1.4 Transfection of LSCC AMC-HN-8 Cells

LSCC AMC-HN-8 cells were cultured in H-DMEM containing 10% FBS. After the cell confluence reached 90% or higher, the cells were digested with 0.25% trypsin and passaged. One day before transfection, the cells were inoculated on 6-well culture plates at 6×10⁵ cells/well and were divided into a control group and NK4 group, with 3 wells for each group. The next day, attenuated Salmonella stains carrying NK4 were inoculated into 3 mL of Luria-Bertani (LB) broth. Cells were shaken at 37°C for 4 h. When the absorbance at 525 nm (A_525nm) was approximately 0.6, the bacteria were collected by centrifugation (4000 rpm/min) at 4°C. The bacteria were washed twice with precooled sterile deionized (DI) water and then suspended in sterile DI water at the bacterial concentration of 1 × 10⁸/ml. Prior to transfection, cells in each group were washed with antibiotic-free DMEM twice. The prepared cells and bacteria were added into the culture wells of the transfection group at a ratio of 1:50 and incubated at 37°C for 1 h; then, the cells were washed with PBS twice and incubated in serum-free medium (containing 50 mg/L gentamicin) for 1 h, and last, complete medium with gentamicin (10 mg/L) was added for further culture.

1.5 NK4 Expression Detected by RT-PCR

At 24 h and 48 h after transfection, the LSCC AMC-HN-8 cells were harvested, and total RNA was extracted using Trizol according to the manufacturer’s instructions. Reverse transcription of RNA was performed according to the manufacturer’s instructions (Takara) to obtain complementary DNA (cDNA). Primer sequences for the NK4 gene (Table 2). The reverse transcription conditions were as follows: 42°C for 2 min, 37°C for 15 min, and 85°C for 5 s. The reverse transcription products were used as templates for PCR amplification; β-Actin was used as the internal reference. The PCR amplification conditions were as follows: step 1, 95°C for 30 s; step 2, 95°C for 5 s, 57°C for 35 s, and 72°C for 60 s, for a total of 45 cycles; and step 3, extension at 65°C for 5 min. The absorbance was read at each extension stage. Multiple wells were setup for each sample, and the average value was used for statistical analysis. Under the condition that the amplification efficiency was consistent, the 2^-ΔΔCT method was used to obtain the relative quantitative results. Agarose gel electrophoresis was performed on PCR products to detect the expected NK4 gene fragment (163 bp). The expression of the target gene was detected by performing agarose gel electrophoresis with the PCR products.

TABLE 2

Table 2 Primer sequences for the NK4 gene.

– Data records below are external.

section \<open>Optimality of the Metropolis acceptance function\<close>

lemma admissible_min_1: "admissible (\<lambda>t::real. min 1 t)"
  unfolding admissible_def
proof (intro conjI allI impI)
  fix t :: real assume "t > 0"
  then show "t * min 1 (1 / t) = min 1 t"
    by (cases "t \<le> 1") (auto simp: min_def field_simps)
qed auto

lemma admissible_le_min_1:
  assumes "admissible \<phi>"
  shows "\<forall>t\<ge>0. \<phi> t \<le> min 1 t"
proof (intro allI impI)
  fix t :: real assume "0 \<le> t"
  show "\<phi> t \<le> min 1 t"
  proof (cases "t = 0")
    case False
    with assms \<open>0 \<le> t\<close> have "t * \<phi> (1 / t) = \<phi> t" "\<phi> (1 / t) \<le> 1" "0 < t"
      by (simp_all add: admissible_def)
    then have "\<phi> t \<le> t"
      using mult_left_mono[of "\<phi> (1 / t)" 1 t] by simp
    with assms \<open>0 \<le> t\<close> show ?thesis by (simp add: admissible_def)
  qed (use assms in \<open>simp add: admissible_def\<close>)
qed

theorem theorem3p8:
  fixes M :: "'a measure" and \<xi> \<psi> :: "'a \<Rightarrow> 'a" and K :: "'a \<Rightarrow> 'a measure"
    and \<phi>1 \<phi>2 :: "real \<Rightarrow> real"
  assumes prob: "prob_space M"
    and xi_meas: "\<xi> \<in> measurable M M"
    and xi_inv: "\<forall>x\<in>space M. \<xi> (\<xi> x) = x"
    and xi_pres: "distr M M \<xi> = M"
    and psi_meas: "\<psi> \<in> measurable M M"
    and psi_bij: "bij_betw \<psi> (space M) (space M)"
    and psi_inv: "\<forall>x\<in>space M. the_inv_into (space M) \<psi> x = \<xi> (\<psi> (\<xi> x))"
    and adm1: "admissible \<phi>1" and adm2: "admissible \<phi>2"
    and K_markov: "markov_kernel M K"
    and K_rev: "reversible M \<xi> (kop K)"
    and phi_le: "\<forall>t\<ge>0. \<phi>2 t \<le> \<phi>1 t"
  shows "(\<forall>f lam. L2 M f \<longrightarrow> (AE x in M. f (\<xi> x) = f x) \<longrightarrow> 0 \<le> lam \<longrightarrow> lam < 1 \<longrightarrow>
           var_lam M lam f (kop K) (P2op M \<xi> \<psi> \<phi>1)
             \<le> var_lam M lam f (kop K) (P2op M \<xi> \<psi> \<phi>2))
    \<and> (\<forall>\<phi> f lam. admissible \<phi> \<longrightarrow> L2 M f \<longrightarrow> (AE x in M. f (\<xi> x) = f x)
           \<longrightarrow> 0 \<le> lam \<longrightarrow> lam < 1 \<longrightarrow>
           var_lam M lam f (kop K) (P2op M \<xi> \<psi> (\<lambda>t. min 1 t))
             \<le> var_lam M lam f (kop K) (P2op M \<xi> \<psi> \<phi>))"
proof -
  interpret involutive_proposal M \<xi> \<psi>
    by (rule involutive_proposal.intro[OF measure_preserving_involution.intro[OF xi_meas xi_inv xi_pres]
          involutive_proposal_axioms.intro[OF prob psi_meas psi_bij psi_inv]])
  note mono = var_lam_P2op_antimono[OF K_markov[unfolded markov_kernel_def] K_rev]
  show ?thesis
    using mono[OF adm1 adm2 phi_le] mono[OF admissible_min_1 _ admissible_le_min_1] by blast
qed

end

1.6 Determination of Cell Proliferation Using the MTT Assay

The supernatant of laryngeal cancer AMC-HN-8 cells cultured 48h after transfection was collected according to the above 1.4 method, and the protein was extracted to identify the expression of NK4 protein. After the expression of NK4 protein was confirmed by Western blot, MTT was used to detect cell proliferation capacity on this basis: AMC-HN-8 cells in the logarithmic growth phase were inoculated into 96-well cell culture plates at 5 ×10³ cells/well and divided into a control group and an NK4 group. After a 12-h culture, the original culture medium was aspirated and discarded. Serum-free DMEM (100 μl/well) and the cell culture supernatant after 48 h of transfection were added into the wells of the NK4 group, with percentages of expression supernatant accounting for 5%, 10%, 15%, 20%, 25%, 30%, and 35% of the total culture volume. The control group had 3 wells, and there were also 3 wells for each expression supernatant percentage in the NK4 group. In the control group, only serum-free DMEM (100 μl/well) was added. After incubating at 37°C for 48 h, 10 μl of MTT (5 mg/ml, prepared with PBS and then after filtered and sterilized) solution was added to each well, followed by incubation in a cell incubator for 4 h. Then, 100 μl of DMSO was added, and the cells were shaken for 15 min. The optical density (OD) at 570 nm was measured. A cell growth curve was plotted with OD as the vertical axis, and the inhibition rate of cell growth was calculated. Y = 1-A/B × 100%, where Y is the cell inhibition rate, A is the OD of the experimental group, and B is the OD of the control group. The experiment was repeated 3 times.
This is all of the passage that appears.